Cuando buscamos ejemplos de emprendedores que han cambiado nuestro mundo, no podemos evitar pensar en los cientos de personajes de Silicon Valley que han encabezado algunos de los más grandes movientes digitales de nuestros días, pero pocas veces pensamos en hackers, terroristas o líderes del crimen organizado como ejemplos de emprendedores. Todos ellos tienen más en común de lo que parece, son tomadores naturales de riesgos, buscan la libertad y la autonomía, defienden a toda costa su propia visión y pasión, buscan cambiar y desafiar el sistema al que pertenecen, además de centrarse en la supervivencia y la necesidad de proteger y defender a su familia, comunidad o amigos.   Lo cierto es que nuestro mundo ha cambiado no solo gracias a personalidades como Mark Zuckerberg o Larry Page sino a un gran número de personas que se encuentran en aquellas economías o giros que no siempre son bien vistas o que consideramos informales, de hecho la cantidad de casos que existen en nuestro mundo podrían sorprendernos.

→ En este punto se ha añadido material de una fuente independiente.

section \<open>The face permutations of a diagram\<close>

lemma add_diff_mod_cases:
  fixes x a N :: nat
  assumes "x < N" "a < N"
  shows "(x + N - a) mod N = (if a \<le> x then x - a else x + N - a)"
proof (cases "a \<le> x")
  case True
  then have shift: "x + N - a = (x - a) + N"
    by simp
  have "(x + N - a) mod N = (x - a) mod N"
    unfolding shift by (rule mod_add_self2)
  then show ?thesis
    using True assms by simp
qed (use assms in simp)

lemma card_Collect_less_Suc:
  "card {x. x < Suc m \<and> P x} = card {x. x < m \<and> P x} + (if P m then 1 else 0)"
proof -
  have "{x. x < Suc m \<and> P x} = {x. x < m \<and> P x} \<union> (if P m then {m} else {})"
    by (auto simp: less_Suc_eq)
  then show ?thesis by (simp add: card_Un_disjoint)
qed

lemma sum_lessThan_if_less:
  fixes t M :: nat
  shows "t \<le> M \<Longrightarrow> (\<Sum>s<M. if s < t then g s else 0) = (\<Sum>s<t. g s)"
  by (simp add: sum.inter_filter[symmetric] lessThan_def) (metis (lifting) less_le_trans)

lemma pred_mod_cases:
  fixes t N :: nat
  shows "t < N \<Longrightarrow> (t + N - 1) mod N = (if t = 0 then N - 1 else t - 1)"
  using add_diff_mod_cases[of t N 1] by (cases "t = 0") auto

locale diagram =
  fixes D :: vdiag
  assumes wf: "wf_vdiag D" and has_crossings: "0 < nc D"
begin

abbreviation "N \<equiv> npass D"

lemma npass_eq: "N = 2 * nc D"
  by (simp add: npass_def)

lemma npass_pos: "0 < N"
  using has_crossings npass_eq by simp

lemma cr_less: "t < N \<Longrightarrow> cr D t < nc D"
  using wf unfolding wf_vdiag_def by blast

lemma card_passages: "k < nc D \<Longrightarrow> card {t. t < N \<and> cr D t = k} = 2"
  using wf unfolding wf_vdiag_def by blast

lemma passages_opposite:
  "t < N \<Longrightarrow> s < N \<Longrightarrow> t \<noteq> s \<Longrightarrow> cr D t = cr D s \<Longrightarrow>
    lr D s = (\<not> lr D t) \<and> (\<not> virt D (cr D t) \<longrightarrow> ovr D s = (\<not> ovr D t))"
  using wf unfolding wf_vdiag_def by blast

lemma num_faces_eq: "num_faces D = nc D + 2"
  using wf has_crossings unfolding wf_vdiag_def planar_def by auto

lemma partner_ex1:
  assumes "t < N" shows "\<exists>!s. s < N \<and> s \<noteq> t \<and> cr D s = cr D t"
proof -
  have "card {s. s < N \<and> cr D s = cr D t} = 2" using card_passages cr_less assms by blast
  then obtain x y where xy: "{s. s < N \<and> cr D s = cr D t} = {x, y}" "x \<noteq> y"
    by (auto simp: card_2_iff)
  have "t \<in> {x, y}" using xy(1) assms by blast
  have mem: "s \<in> {x, y} \<longleftrightarrow> s < N \<and> cr D s = cr D t" for s using xy(1) by blast
  show ?thesis
  proof (cases "t = x")
    case True
    show ?thesis
    proof (rule ex1I[of _ y])
      show "y < N \<and> y \<noteq> t \<and> cr D y = cr D t" using mem[of y] True xy(2) by simp
      show "s = y" if "s < N \<and> s \<noteq> t \<and> cr D s = cr D t" for s using mem[of s] that True by blast
    qed
  next
    case False
    then have tx: "t = y" using \<open>t \<in> {x, y}\<close> by blast
    show ?thesis
    proof (rule ex1I[of _ x])
      show "x < N \<and> x \<noteq> t \<and> cr D x = cr D t" using mem[of x] tx xy(2) by simp
      show "s = x" if "s < N \<and> s \<noteq> t \<and> cr D s = cr D t" for s using mem[of s] that tx by blast
    qed
  qed
qed

lemma partner_spec:
  assumes "t < N"
  shows "partner D t < N" "partner D t \<noteq> t" "cr D (partner D t) = cr D t"
proof -
  have "partner D t < N \<and> partner D t \<noteq> t \<and> cr D (partner D t) = cr D t"
    unfolding partner_def using theI'[OF partner_ex1[OF assms]] by simp
  then show "partner D t < N" "partner D t \<noteq> t" "cr D (partner D t) = cr D t" by auto
qed

lemma partner_unique:
  assumes "t < N" "s < N" "s \<noteq> t" "cr D s = cr D t" shows "s = partner D t"
  using partner_ex1[OF assms(1)] partner_spec[OF assms(1)] assms by blast

lemma partner_partner: "t < N \<Longrightarrow> partner D (partner D t) = t"
  using partner_unique[of "partner D t" t] partner_spec[of t] by metis

lemma lr_partner: "t < N \<Longrightarrow> lr D (partner D t) = (\<not> lr D t)"
  using passages_opposite[of t "partner D t"] partner_spec[of t] by metis

lemma ovr_partner: "t < N \<Longrightarrow> \<not> virt D (cr D t) \<Longrightarrow> ovr D (partner D t) = (\<not> ovr D t)"
  using passages_opposite[of t "partner D t"] partner_spec[of t] by metis

lemma bij_betw_partner: "bij_betw (partner D) {..<N} {..<N}"
  by (rule bij_betw_byWitness[where f' = "partner D"]) (auto simp: partner_partner partner_spec)

definition prev_pass :: "nat \<Rightarrow> nat" where
  "prev_pass t = (t + N - 1) mod N"

text \<open>Edge \<open>e\<close> of the diagram runs from passage \<open>e\<close> to passage \<open>Suc e mod N\<close>; the half-edge
  \<open>(t, True)\<close> leaves passage \<open>t\<close> along edge \<open>t\<close> and \<open>(t, False)\<close> arrives at passage \<open>t\<close> along edge
  \<open>prev_pass t\<close>. Then \<open>face_perm m\<close> is the face permutation of the ribbon graph formed by the
  crossings and the edges \<open>0, \<dots>, m - 1\<close> only: \<open>face_perm 0 = next_ccw D\<close> has one orbit per crossing,
  and \<open>face_perm N\<close> is conjugate to \<open>face_step D\<close>.\<close>

definition edge_mate :: "nat \<times> bool \<Rightarrow> nat \<times> bool" where
  "edge_mate x = (if snd x then (Suc (fst x) mod N, False) else (prev_pass (fst x), True))"

definition edge_of :: "nat \<times> bool \<Rightarrow> nat" where
  "edge_of x = (if snd x then fst x else prev_pass (fst x))"

definition edge_mate_below :: "nat \<Rightarrow> nat \<times> bool \<Rightarrow> nat \<times> bool" where
  "edge_mate_below m x = (if x \<in> darts D \<and> edge_of x < m then edge_mate x else x)"

definition face_perm :: "nat \<Rightarrow> nat \<times> bool \<Rightarrow> nat \<times> bool" where
  "face_perm m = next_ccw D \<circ> edge_mate_below m"

definition faces_below :: "nat \<Rightarrow> nat" where
  "faces_below m = card (orbit_in (face_perm m) (darts D) ` darts D)"

definition edge_start :: "nat \<Rightarrow> nat \<times> bool" where
  "edge_start m = (m, True)"

definition edge_end :: "nat \<Rightarrow> nat \<times> bool" where
  "edge_end m = (Suc m mod N, False)"

lemma next_ccw_simp: "next_ccw D (t, f) = (partner D t, if lr D t then \<not> f else f)"
  by (simp add: next_ccw_def)

lemma prev_pass_eq: "t < N \<Longrightarrow> prev_pass t = (if t = 0 then N - 1 else t - 1)"
  unfolding prev_pass_def by (rule pred_mod_cases)

lemma prev_pass_less: "t < N \<Longrightarrow> prev_pass t < N"
  using prev_pass_eq npass_pos by auto

lemma Suc_prev_pass: "t < N \<Longrightarrow> Suc (prev_pass t) mod N = t"
  using prev_pass_eq[of t] npass_pos by (cases "t = 0") auto

lemma prev_pass_Suc: "t < N \<Longrightarrow> prev_pass (Suc t mod N) = t"
  using prev_pass_eq[of "Suc t mod N"] npass_pos by (cases "Suc t = N") (auto simp: mod_Suc)

lemma mem_darts: "x \<in> darts D \<longleftrightarrow> fst x < N"
  by (cases x) (simp add: darts_def)

lemma finite_darts: "finite (darts D)"
  by (simp add: darts_def)

lemma next_ccw_in_darts: "x \<in> darts D \<Longrightarrow> next_ccw D x \<in> darts D"
  by (cases x) (simp add: mem_darts next_ccw_simp partner_spec)

lemma inj_on_next_ccw: "inj_on (next_ccw D) (darts D)"
proof (rule inj_onI)
  fix x y assume "x \<in> darts D" "y \<in> darts D" "next_ccw D x = next_ccw D y"
  then show "x = y"
    by (cases x, cases y) (simp add: mem_darts next_ccw_simp split: if_splits; metis partner_partner)
qed

lemma edge_mate_in_darts: "x \<in> darts D \<Longrightarrow> edge_mate x \<in> darts D"
  by (cases x) (auto simp: mem_darts edge_mate_def prev_pass_less npass_pos)

lemma edge_mate_edge_mate: "x \<in> darts D \<Longrightarrow> edge_mate (edge_mate x) = x"
  by (cases x) (auto simp: mem_darts edge_mate_def Suc_prev_pass prev_pass_Suc npass_pos)

lemma edge_of_edge_mate: "x \<in> darts D \<Longrightarrow> edge_of (edge_mate x) = edge_of x"
  by (cases x) (auto simp: mem_darts edge_mate_def edge_of_def Suc_prev_pass prev_pass_Suc npass_pos)

lemma edge_of_less: "x \<in> darts D \<Longrightarrow> edge_of x < N"
  by (cases x) (auto simp: mem_darts edge_of_def prev_pass_less)

lemma edge_mate_below_in_darts: "x \<in> darts D \<Longrightarrow> edge_mate_below m x \<in> darts D"
  by (simp add: edge_mate_below_def edge_mate_in_darts)

lemma edge_mate_below_involution: "x \<in> darts D \<Longrightarrow> edge_mate_below m (edge_mate_below m x) = x"
  by (simp add: edge_mate_below_def edge_mate_in_darts edge_mate_edge_mate edge_of_edge_mate)

lemma edge_mate_below_npass: "x \<in> darts D \<Longrightarrow> edge_mate_below N x = edge_mate x"
  by (simp add: edge_mate_below_def edge_of_less)

lemma face_perm_0: "face_perm 0 = next_ccw D"
  by (rule ext) (simp add: face_perm_def edge_mate_below_def)

lemma permutation_on_face_perm: "permutation_on (face_perm m) (darts D)"
proof
  show "finite (darts D)" by (rule finite_darts)
  show "face_perm m x \<in> darts D" if "x \<in> darts D" for x
    using that by (simp add: face_perm_def edge_mate_below_in_darts next_ccw_in_darts)
  show "inj_on (face_perm m) (darts D)"
  proof (rule inj_onI)
    fix x y assume xy: "x \<in> darts D" "y \<in> darts D" "face_perm m x = face_perm m y"
    then have "edge_mate_below m x = edge_mate_below m y"
      using inj_on_next_ccw edge_mate_below_in_darts unfolding face_perm_def inj_on_def by simp
    then show "x = y"
      using edge_mate_below_involution xy by metis
  qed
qed

lemma edge_ends:
  assumes "m < N" shows "edge_start m \<in> darts D" "edge_end m \<in> darts D" "edge_start m \<noteq> edge_end m"
  using assms by (auto simp: edge_start_def edge_end_def mem_darts npass_pos)

lemma edge_of_eq_iff:
  assumes "x \<in> darts D" "m < N" shows "edge_of x = m \<longleftrightarrow> x = edge_start m \<or> x = edge_end m"
  using assms Suc_prev_pass prev_pass_Suc
  by (cases x) (auto simp: edge_of_def edge_start_def edge_end_def mem_darts)

lemma face_perm_Suc:
  assumes "m < N"
  shows "face_perm (Suc m) = face_perm m \<circ> Transposition.transpose (edge_start m) (edge_end m)"
proof (rule ext)
  fix x
  have mate: "edge_mate (edge_start m) = edge_end m" "edge_mate (edge_end m) = edge_start m"
    using assms edge_mate_edge_mate[OF edge_ends(1)[OF assms]]
    by (simp_all add: edge_mate_def edge_start_def edge_end_def)
  have "edge_mate_below (Suc m) x = edge_mate_below m (Transposition.transpose (edge_start m) (edge_end m) x)"
  proof (cases "x \<in> darts D \<and> edge_of x = m")
    case True
    then show ?thesis
      using mate edge_of_eq_iff[of x m] edge_of_eq_iff[of "edge_start m" m]
        edge_of_eq_iff[of "edge_end m" m] assms edge_ends[OF assms]
      by (auto simp: edge_mate_below_def)
  next
    case False
    then have "x \<noteq> edge_start m" "x \<noteq> edge_end m"
      using edge_of_eq_iff[of x m] assms edge_ends[OF assms] by auto
    with False show ?thesis
      by (auto simp: edge_mate_below_def)
  qed
  then show "face_perm (Suc m) x = (face_perm m \<circ> Transposition.transpose (edge_start m) (edge_end m)) x"
    by (simp add: face_perm_def)
qed

lemma permutation_on_transpose_face_perm:
  "m < N \<Longrightarrow> permutation_on_transpose (face_perm m) (darts D) (edge_start m) (edge_end m)"
  using permutation_on_face_perm edge_ends
  by (simp add: permutation_on_transpose_def permutation_on_transpose_axioms_def)

lemma leave_eq: "leave D (t, b) = (if b then (t, True) else (prev_pass t, False))"
  by (simp add: leave_def prev_pass_def)

lemma bij_betw_leave: "bij_betw (leave D) (darts D) (darts D)"
proof -
  have "leave D ` darts D \<subseteq> darts D"
    by (auto simp: leave_def mem_darts prev_pass_less[unfolded prev_pass_def])
  moreover have "inj_on (leave D) (darts D)"
  proof (rule inj_onI)
    fix x y assume "x \<in> darts D" "y \<in> darts D" "leave D x = leave D y"
    then show "x = y"
      by (cases x, cases y) (auto simp: leave_eq mem_darts split: if_splits; metis Suc_prev_pass)
  qed
  ultimately show ?thesis
    using endo_inj_surj[OF finite_darts] by (simp add: bij_betw_def)
qed

lemma face_step_leave: "x \<in> darts D \<Longrightarrow> face_step D (leave D x) = leave D (face_perm N x)"
  by (cases x) (auto simp: face_step_def face_perm_def edge_mate_below_npass leave_eq arrive_def
      edge_mate_def mem_darts Suc_prev_pass)

lemma faces_below_npass: "faces_below N = nc D + 2"
proof -
  have "num_faces D = card (orbit_in (face_step D) (darts D) ` darts D)"
    unfolding num_faces_def orbit_in_def by simp
  also have "\<dots> = faces_below N"
    unfolding faces_below_def
    by (rule card_orbits_conj[where h = "leave D"])
      (simp_all add: bij_betw_leave face_step_leave permutation_on.maps_to[OF permutation_on_face_perm])
  finally show ?thesis
    using num_faces_eq by simp
qed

En el libro “The Misfit Economy” escrito por Alexa Cay y Kyra Maya Phillips nos proporciona una visión de cómo las personas de las economías informales han ayudado a cambiar nuestro mundo e incluso hasta lo redefinirlo totalmente.  A través de 30 casos, nos muestran como estos personajes han sido pioneros de una forma inusual, creativa o alterna de trabajar.  Al mismo tiempo, el libro proporciona una mirada detallada a cinco estrategias que estos “inadaptados” han seguido: empuje, copiar, hackear, provocar y cambiar de dirección.  Muchos de estos personajes, han tenido que depender de empresas ilegales para sobrevivir, pero nos han dado grandes lecciones de cómo las economías de nuestros días funcionan y de cómo las startups pueden aprender mucho de sus modelos de innovación. La inspiración no siempre está donde tú crees y aunque no quiere decir que tu objetivo sea cometer actos delictivos, se puede aprender mucho de su visión, modelos de negocio o formas de innovación.